*What to produce:* Return the lines below that carry the word "same".

*Records from a collection:*
··········

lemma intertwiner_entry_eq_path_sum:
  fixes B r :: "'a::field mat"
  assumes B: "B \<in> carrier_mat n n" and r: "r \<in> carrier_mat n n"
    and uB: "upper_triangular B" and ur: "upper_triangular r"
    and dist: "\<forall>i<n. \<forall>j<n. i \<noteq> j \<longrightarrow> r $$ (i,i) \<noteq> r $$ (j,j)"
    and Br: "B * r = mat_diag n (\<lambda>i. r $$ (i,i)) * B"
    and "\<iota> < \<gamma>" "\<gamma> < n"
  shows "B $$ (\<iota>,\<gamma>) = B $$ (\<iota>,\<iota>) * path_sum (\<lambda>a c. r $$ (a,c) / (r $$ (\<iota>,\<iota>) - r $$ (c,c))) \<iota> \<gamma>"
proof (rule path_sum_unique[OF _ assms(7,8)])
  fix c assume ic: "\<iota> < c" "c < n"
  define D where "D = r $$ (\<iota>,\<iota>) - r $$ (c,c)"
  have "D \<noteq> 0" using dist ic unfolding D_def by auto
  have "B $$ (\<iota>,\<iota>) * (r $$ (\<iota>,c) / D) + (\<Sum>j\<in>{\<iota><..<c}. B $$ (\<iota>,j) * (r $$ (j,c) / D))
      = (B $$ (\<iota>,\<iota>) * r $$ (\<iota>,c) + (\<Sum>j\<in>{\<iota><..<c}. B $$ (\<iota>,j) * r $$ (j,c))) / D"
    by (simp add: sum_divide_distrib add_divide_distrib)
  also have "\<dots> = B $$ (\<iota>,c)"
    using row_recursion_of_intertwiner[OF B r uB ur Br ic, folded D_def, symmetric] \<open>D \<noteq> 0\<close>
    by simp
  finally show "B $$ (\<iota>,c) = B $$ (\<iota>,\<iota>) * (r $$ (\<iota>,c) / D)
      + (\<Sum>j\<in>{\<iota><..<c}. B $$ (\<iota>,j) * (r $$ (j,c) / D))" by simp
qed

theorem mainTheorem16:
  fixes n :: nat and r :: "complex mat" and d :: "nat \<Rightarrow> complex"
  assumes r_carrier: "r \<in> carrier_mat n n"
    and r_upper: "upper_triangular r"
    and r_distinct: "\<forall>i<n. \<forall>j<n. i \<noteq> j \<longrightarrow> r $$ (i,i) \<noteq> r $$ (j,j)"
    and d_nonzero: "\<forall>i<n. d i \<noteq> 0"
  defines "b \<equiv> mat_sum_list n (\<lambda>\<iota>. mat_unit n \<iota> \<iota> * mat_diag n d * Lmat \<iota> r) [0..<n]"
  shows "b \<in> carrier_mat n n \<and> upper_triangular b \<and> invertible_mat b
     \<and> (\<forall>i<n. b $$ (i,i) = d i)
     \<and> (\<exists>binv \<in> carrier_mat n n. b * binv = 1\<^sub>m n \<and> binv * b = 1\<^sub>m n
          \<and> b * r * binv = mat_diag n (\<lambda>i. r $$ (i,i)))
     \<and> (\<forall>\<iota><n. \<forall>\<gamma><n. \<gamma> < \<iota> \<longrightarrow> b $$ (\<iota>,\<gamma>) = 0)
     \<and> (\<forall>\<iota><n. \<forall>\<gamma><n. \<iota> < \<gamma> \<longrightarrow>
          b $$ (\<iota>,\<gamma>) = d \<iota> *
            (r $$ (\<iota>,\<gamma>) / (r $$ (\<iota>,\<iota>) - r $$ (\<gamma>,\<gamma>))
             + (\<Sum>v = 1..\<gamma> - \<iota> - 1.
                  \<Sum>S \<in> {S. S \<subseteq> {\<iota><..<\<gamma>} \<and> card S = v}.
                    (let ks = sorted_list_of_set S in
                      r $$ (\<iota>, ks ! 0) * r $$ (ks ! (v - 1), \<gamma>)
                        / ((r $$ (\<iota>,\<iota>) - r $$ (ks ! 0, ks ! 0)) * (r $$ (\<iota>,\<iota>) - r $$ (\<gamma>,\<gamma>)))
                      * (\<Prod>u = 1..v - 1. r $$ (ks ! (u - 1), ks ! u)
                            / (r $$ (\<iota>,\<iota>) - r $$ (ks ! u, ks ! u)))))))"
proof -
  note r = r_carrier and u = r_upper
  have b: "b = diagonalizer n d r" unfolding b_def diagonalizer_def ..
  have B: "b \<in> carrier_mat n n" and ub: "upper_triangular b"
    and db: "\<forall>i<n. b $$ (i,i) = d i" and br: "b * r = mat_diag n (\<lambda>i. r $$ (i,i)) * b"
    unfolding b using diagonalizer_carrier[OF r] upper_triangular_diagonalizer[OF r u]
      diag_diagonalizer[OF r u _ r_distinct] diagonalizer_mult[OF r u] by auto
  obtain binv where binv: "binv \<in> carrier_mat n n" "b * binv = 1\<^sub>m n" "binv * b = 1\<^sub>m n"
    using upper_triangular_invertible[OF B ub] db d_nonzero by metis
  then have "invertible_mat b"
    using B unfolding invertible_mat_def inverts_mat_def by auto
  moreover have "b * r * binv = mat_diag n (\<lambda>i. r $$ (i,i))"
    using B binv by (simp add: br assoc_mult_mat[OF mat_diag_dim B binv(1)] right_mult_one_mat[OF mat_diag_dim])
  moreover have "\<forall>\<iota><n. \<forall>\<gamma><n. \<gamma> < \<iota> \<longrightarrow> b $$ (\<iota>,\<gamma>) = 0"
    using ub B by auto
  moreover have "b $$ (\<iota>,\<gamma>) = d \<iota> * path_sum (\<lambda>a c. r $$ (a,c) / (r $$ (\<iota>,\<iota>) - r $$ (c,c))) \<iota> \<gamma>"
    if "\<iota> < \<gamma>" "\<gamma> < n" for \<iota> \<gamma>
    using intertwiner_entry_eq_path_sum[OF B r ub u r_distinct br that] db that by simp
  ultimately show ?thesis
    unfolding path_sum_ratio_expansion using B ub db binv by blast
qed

··········

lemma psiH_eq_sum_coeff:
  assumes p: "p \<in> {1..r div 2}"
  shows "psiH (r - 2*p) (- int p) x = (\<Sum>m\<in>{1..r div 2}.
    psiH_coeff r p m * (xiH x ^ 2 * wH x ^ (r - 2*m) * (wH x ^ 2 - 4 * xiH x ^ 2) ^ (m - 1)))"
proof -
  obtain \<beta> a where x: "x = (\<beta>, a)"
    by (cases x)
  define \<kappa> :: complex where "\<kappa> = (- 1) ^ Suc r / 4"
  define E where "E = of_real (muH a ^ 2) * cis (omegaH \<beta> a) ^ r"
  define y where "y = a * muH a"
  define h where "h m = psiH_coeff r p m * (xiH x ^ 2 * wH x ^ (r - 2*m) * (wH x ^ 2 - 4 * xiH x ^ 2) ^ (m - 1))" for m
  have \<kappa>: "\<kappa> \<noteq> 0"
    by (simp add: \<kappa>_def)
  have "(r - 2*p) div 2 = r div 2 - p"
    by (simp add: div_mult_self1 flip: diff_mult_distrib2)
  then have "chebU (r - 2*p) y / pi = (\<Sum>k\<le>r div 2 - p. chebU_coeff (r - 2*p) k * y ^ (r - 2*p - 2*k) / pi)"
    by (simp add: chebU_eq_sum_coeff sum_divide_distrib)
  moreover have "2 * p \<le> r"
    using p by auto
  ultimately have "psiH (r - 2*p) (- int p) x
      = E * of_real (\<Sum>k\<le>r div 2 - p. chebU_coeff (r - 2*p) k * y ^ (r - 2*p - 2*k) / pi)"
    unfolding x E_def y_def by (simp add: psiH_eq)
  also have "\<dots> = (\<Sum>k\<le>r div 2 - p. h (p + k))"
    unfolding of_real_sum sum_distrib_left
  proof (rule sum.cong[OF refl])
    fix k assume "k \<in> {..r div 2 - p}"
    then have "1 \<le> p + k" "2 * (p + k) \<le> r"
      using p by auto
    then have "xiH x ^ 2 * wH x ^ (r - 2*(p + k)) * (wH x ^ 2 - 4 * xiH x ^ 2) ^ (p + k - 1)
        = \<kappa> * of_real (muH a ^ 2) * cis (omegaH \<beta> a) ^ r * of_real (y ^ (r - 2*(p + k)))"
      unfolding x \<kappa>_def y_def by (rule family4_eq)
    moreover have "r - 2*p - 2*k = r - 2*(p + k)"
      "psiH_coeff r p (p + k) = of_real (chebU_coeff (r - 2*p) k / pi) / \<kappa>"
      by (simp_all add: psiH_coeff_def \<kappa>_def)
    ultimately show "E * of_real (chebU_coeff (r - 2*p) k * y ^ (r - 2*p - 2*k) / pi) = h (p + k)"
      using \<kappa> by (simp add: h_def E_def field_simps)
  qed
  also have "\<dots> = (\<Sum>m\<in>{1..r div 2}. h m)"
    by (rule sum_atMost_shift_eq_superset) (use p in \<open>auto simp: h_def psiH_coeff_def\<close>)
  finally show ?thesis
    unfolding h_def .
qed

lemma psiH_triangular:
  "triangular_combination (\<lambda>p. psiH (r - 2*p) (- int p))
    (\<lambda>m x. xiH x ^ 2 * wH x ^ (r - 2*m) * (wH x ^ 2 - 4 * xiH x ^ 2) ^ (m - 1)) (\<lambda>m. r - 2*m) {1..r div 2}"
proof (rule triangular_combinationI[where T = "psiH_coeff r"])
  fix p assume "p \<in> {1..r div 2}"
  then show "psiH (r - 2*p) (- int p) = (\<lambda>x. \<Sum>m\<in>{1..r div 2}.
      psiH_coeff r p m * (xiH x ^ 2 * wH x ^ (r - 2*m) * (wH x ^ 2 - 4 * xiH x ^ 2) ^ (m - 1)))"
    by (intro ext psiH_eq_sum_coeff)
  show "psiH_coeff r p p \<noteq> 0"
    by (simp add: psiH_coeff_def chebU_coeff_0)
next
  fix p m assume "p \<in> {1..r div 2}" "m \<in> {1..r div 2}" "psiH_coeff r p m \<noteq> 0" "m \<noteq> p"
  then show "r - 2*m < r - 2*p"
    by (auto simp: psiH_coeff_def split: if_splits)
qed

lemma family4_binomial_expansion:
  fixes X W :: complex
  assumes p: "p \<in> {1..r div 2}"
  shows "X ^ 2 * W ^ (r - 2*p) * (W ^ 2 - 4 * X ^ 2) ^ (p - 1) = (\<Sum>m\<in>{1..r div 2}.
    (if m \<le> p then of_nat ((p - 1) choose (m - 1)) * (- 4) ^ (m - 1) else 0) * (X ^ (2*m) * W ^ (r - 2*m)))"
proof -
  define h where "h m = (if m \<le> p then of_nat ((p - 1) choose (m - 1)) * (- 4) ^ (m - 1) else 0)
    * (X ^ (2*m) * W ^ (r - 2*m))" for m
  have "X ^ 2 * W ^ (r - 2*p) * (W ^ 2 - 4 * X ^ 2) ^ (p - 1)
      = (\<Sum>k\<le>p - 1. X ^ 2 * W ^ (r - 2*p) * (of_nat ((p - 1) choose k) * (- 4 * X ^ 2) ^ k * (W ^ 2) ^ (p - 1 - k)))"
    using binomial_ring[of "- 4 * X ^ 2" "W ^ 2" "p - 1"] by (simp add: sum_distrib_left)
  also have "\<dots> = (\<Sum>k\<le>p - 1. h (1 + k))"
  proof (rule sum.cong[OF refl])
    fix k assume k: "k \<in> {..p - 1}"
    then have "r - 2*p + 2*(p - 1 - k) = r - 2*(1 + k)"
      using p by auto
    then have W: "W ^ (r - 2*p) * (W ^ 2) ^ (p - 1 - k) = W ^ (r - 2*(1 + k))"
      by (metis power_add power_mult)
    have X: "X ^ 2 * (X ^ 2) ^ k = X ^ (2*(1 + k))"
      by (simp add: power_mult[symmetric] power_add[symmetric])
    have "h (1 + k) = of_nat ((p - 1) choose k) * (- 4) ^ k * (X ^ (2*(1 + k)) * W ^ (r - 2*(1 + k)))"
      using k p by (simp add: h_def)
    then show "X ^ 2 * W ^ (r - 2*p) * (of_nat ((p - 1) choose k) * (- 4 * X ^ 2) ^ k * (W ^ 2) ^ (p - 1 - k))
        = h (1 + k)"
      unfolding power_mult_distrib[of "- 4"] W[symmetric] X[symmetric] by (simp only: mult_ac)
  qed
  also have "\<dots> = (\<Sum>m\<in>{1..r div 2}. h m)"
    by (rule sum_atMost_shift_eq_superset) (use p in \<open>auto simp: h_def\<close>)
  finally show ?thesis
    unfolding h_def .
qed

··········

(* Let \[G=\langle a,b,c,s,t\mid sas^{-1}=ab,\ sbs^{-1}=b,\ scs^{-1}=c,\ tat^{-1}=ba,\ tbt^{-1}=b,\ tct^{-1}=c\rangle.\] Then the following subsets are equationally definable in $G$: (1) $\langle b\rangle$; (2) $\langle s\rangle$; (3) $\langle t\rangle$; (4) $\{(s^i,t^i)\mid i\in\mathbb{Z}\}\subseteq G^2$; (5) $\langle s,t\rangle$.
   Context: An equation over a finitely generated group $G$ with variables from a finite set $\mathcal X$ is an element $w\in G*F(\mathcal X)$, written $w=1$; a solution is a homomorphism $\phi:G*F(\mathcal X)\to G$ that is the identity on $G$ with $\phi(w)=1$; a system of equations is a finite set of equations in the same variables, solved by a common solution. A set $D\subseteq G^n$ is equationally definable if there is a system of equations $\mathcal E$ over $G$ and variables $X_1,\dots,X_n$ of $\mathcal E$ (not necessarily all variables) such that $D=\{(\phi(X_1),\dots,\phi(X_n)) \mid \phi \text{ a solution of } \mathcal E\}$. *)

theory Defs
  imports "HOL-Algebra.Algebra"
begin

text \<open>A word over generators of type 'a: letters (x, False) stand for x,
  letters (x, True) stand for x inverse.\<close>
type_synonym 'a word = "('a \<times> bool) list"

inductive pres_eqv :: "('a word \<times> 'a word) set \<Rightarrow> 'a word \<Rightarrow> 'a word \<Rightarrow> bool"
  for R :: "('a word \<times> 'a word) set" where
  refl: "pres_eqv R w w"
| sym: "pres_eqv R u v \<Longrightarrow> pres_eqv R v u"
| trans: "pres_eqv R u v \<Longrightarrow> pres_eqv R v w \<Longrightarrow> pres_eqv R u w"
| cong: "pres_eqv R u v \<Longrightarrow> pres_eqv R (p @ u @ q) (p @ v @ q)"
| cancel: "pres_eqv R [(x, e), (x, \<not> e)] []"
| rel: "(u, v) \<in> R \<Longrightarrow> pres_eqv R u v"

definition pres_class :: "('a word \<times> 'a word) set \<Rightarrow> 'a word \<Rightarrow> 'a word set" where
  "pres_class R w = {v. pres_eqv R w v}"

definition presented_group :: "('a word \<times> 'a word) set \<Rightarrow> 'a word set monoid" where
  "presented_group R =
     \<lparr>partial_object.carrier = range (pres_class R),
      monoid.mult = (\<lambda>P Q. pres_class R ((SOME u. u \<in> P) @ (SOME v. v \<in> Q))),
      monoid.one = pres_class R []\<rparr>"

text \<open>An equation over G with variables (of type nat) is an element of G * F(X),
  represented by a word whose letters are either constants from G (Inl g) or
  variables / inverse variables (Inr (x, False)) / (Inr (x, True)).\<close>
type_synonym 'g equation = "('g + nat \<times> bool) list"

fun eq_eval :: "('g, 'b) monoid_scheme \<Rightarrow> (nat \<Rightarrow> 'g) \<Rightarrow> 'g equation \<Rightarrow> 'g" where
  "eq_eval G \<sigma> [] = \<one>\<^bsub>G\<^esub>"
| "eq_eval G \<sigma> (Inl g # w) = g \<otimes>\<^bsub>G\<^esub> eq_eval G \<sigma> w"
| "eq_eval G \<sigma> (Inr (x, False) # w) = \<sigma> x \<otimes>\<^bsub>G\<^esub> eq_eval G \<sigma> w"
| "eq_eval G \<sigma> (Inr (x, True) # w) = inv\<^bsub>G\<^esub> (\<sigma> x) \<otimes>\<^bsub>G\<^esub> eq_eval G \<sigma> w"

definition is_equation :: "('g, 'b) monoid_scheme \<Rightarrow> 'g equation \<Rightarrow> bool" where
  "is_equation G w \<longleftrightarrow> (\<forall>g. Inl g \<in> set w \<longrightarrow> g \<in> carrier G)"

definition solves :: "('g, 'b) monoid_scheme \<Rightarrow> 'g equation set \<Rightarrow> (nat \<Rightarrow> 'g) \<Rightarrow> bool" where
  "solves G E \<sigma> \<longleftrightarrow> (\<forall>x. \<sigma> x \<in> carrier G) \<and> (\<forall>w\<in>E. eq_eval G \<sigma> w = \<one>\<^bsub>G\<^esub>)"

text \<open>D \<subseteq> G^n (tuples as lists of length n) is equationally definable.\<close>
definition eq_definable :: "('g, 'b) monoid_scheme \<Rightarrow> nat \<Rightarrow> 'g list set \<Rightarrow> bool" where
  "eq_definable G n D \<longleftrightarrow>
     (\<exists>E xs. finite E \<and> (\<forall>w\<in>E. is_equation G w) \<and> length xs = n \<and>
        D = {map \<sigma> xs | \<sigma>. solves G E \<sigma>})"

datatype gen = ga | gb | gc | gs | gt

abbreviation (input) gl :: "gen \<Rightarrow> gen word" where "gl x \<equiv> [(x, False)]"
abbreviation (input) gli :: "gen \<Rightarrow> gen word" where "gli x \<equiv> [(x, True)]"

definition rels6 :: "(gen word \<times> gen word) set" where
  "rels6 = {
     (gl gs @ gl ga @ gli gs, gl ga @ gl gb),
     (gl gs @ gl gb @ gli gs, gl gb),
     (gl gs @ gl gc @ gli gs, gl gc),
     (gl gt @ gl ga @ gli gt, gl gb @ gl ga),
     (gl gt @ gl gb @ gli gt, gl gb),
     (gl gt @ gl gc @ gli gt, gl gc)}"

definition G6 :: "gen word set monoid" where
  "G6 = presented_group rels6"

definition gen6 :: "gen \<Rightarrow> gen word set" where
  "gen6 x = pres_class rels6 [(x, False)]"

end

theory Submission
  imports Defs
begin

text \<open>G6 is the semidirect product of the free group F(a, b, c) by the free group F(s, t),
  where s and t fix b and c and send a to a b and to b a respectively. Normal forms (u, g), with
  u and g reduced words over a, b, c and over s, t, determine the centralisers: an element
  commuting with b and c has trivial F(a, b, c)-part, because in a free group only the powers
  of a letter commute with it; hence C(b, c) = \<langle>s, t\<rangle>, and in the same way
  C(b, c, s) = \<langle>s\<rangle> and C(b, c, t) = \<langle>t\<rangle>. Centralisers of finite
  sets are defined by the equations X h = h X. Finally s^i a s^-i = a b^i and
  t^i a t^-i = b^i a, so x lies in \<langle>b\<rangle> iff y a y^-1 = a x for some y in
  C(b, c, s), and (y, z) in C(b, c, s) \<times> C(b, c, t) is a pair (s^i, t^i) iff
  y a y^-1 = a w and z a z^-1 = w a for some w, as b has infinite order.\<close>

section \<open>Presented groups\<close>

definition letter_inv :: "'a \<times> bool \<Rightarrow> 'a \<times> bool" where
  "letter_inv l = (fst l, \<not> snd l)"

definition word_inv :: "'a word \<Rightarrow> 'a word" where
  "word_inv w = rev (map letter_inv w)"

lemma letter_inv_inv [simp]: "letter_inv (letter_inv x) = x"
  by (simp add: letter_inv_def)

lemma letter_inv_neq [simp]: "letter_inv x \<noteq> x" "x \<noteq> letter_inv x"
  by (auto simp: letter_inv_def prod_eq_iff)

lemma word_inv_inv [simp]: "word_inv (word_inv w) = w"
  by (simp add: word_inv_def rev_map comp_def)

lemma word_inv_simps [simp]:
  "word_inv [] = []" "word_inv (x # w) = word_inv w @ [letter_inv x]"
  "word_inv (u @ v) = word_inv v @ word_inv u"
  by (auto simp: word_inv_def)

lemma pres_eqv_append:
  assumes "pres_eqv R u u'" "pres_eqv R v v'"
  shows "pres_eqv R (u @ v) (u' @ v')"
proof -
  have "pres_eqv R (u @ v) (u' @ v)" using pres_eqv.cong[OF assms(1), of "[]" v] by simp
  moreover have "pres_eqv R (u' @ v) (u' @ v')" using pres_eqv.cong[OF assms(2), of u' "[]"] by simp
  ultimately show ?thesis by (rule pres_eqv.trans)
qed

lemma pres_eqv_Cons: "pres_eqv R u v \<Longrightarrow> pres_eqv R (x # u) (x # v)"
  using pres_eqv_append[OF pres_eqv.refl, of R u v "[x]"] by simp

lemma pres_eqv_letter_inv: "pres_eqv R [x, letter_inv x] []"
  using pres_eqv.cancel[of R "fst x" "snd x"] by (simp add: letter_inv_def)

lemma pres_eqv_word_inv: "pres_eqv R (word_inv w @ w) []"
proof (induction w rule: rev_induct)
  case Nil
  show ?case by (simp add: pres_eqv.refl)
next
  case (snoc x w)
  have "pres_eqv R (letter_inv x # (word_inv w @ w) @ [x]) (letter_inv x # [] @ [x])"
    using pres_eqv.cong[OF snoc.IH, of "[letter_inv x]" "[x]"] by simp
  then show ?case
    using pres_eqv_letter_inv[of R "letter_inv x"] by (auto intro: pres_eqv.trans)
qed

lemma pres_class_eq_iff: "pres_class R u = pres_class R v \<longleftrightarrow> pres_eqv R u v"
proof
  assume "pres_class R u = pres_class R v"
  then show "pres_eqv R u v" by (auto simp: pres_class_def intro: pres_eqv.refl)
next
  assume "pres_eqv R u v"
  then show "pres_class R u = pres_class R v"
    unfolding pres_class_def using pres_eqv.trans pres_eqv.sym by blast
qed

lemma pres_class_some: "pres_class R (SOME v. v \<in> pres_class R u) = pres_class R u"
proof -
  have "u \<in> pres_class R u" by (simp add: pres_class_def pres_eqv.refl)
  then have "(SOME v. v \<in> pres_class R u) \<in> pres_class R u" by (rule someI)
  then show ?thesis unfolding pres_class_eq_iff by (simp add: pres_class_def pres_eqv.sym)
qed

··········

*Answer to this task:*
   Context: An equation over a finitely generated group $G$ with variables from a finite set $\mathcal X$ is an element $w\in G*F(\mathcal X)$, written $w=1$; a solution is a homomorphism $\phi:G*F(\mathcal X)\to G$ that is the identity on $G$ with $\phi(w)=1$; a system of equations is a finite set of equations in the same variables, solved by a common solution. A set $D\subseteq G^n$ is equationally definable if there is a system of equations $\mathcal E$ over $G$ and variables $X_1,\dots,X_n$ of $\mathcal E$ (not necessarily all variables) such that $D=\{(\phi(X_1),\dots,\phi(X_n)) \mid \phi \text{ a solution of } \mathcal E\}$. *)
  of a letter commute with it; hence C(b, c) = \<langle>s, t\<rangle>, and in the same way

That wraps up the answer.